First hierarch of the Romanian Church from 1947 to 1976.
This patriarch was a great figure for his church, the Orthodox Church of Romania, and for the Orthodox Catholic Church of France.
He acceded to the patriarchal function during the period of communist takeover of his country, a period of violent persecution of Christians. This accession happened as follows:
During the 1939-1945 war, the future patriarch Justinian was a parish priest.
Romania was at war with the Germans. He was given the opportunity to help the secretary of the Communist Party (Georghiu Dej) hide from Nazi prosecution. When the victorious Soviet Russians imposed communist rule on Romania, the Romanian party secretary became the country's strongman. He remembered the priest who hid him and arranged for him to become bishop and patriarch.
This step made of authority and recognition somewhat attenuated the roughness of the life of the Rumanian church under the yoke of the communists, well decided to suppress Christianity in Rumania. The Patriarch had to be (and was) absolutely respected.
A man attached to parish life, Justinien was gentle. He was loved by his people.
In April 1967, on the recommendation of the Romanian emigrant priest, Virgile Georgiu (1) (the author of the novel "the twenty-fifth hour"), the archpriest Father, Eugraph Kovalevsky, who had become Bishop Jean de Saint-Denis, surrendered in Bucharest with Patriarch Justinian, to submit to him the question of the Orthodox Church of France which found itself without canonical attachment since the birth in heaven, on July 2, 1966, of the Holy Archbishop Jean of Shanghai and San Francisco, protector within the Russian Church Abroad of the Western faithful.
The Patriarch received Bishop John as head (head) of the Church, gave him the Holy Chrism and waited, asking for it, for the favor of the regime to receive and bless the Church of France in canonical protection and obedience. of the Church of Romania.
This happened in 1972, when the regime loosened its grip and under the presidency of Justinian, the Council of Bishops decided to accept and protect the French Orthodox.

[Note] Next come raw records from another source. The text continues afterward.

lemma acc_prob_within_less:
  assumes "t < T"
  shows "acc_prob_within C x t \<le> coin_prob (length x) T (accepts_before C x T)"
proof -
  have "acc_prob_within C x t =
      coin_prob (length x) (t + (T - t)) (\<lambda>cs. (\<lambda>cs. \<exists>k\<le>t. acc_at C x cs k) (take t cs))"
    unfolding acc_prob_within_eq_coin_prob by (rule coin_prob_take[symmetric])
  also have "\<dots> \<le> coin_prob (length x) T (accepts_before C x T)"
    using assms
    by (simp, intro coin_prob_mono) (auto simp: accepts_before_def acc_at_take; meson le_less_trans)
  finally show ?thesis .
qed

lemma acc_prob_within_bounded:
  assumes "time_bound C T" and "x \<in> input_words C" and "T \<le> t"
  shows "acc_prob_within C x t = coin_prob (length x) T (accepts_before C x T)"
proof -
  have "acc_prob_within C x t = coin_prob (length x) t (\<lambda>cs. accepts_before C x T (take T cs))"
    unfolding acc_prob_within_eq_coin_prob
  proof (rule coin_prob_cong)
    fix cs assume cs: "cs \<in> coin_seqs (length x) t"
    show "(\<exists>k\<le>t. acc_at C x cs k) = accepts_before C x T (take T cs)"
    proof
      assume "\<exists>k\<le>t. acc_at C x cs k"
      then obtain k where "k \<le> length cs" "acc_at C x cs k"
        using cs by (auto simp: coin_seqs_def)
      then obtain j where "j < T" "acc_at C x cs j"
        using assms(1,2) cs unfolding time_bound_def coin_seqs_def by blast
      then show "accepts_before C x T (take T cs)"
        by (auto simp: accepts_before_def acc_at_take)
    next
      assume "accepts_before C x T (take T cs)"
      then obtain j where "j < T" "acc_at C x cs j"
        by (auto simp: accepts_before_def acc_at_take)
      then show "\<exists>k\<le>t. acc_at C x cs k"
        using assms(3) by (meson less_imp_le order_trans)
    qed
  qed
  also have "\<dots> = coin_prob (length x) (T + (t - T)) (\<lambda>cs. accepts_before C x T (take T cs))"
    using assms(3) by simp
  also have "\<dots> = coin_prob (length x) T (accepts_before C x T)"
    by (rule coin_prob_take)
  finally show ?thesis .
qed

On a trip, leaving the country for the first time, Patriarch Justinian visited the Abbey of Chevetogne in Belgium, the bi-ritual, Latin-Slavonic Benedictine abbey. There he decided to consecrate a new bishop for the Church of France, Bishop Jean de Saint-Denis having been born in heaven on January 30, 1970.
(1) Father Virgil refused to know the Romanian Church of the time, knowing that it was led and mistreated by the communist regime. He knew, however, the quality of the Patriarch.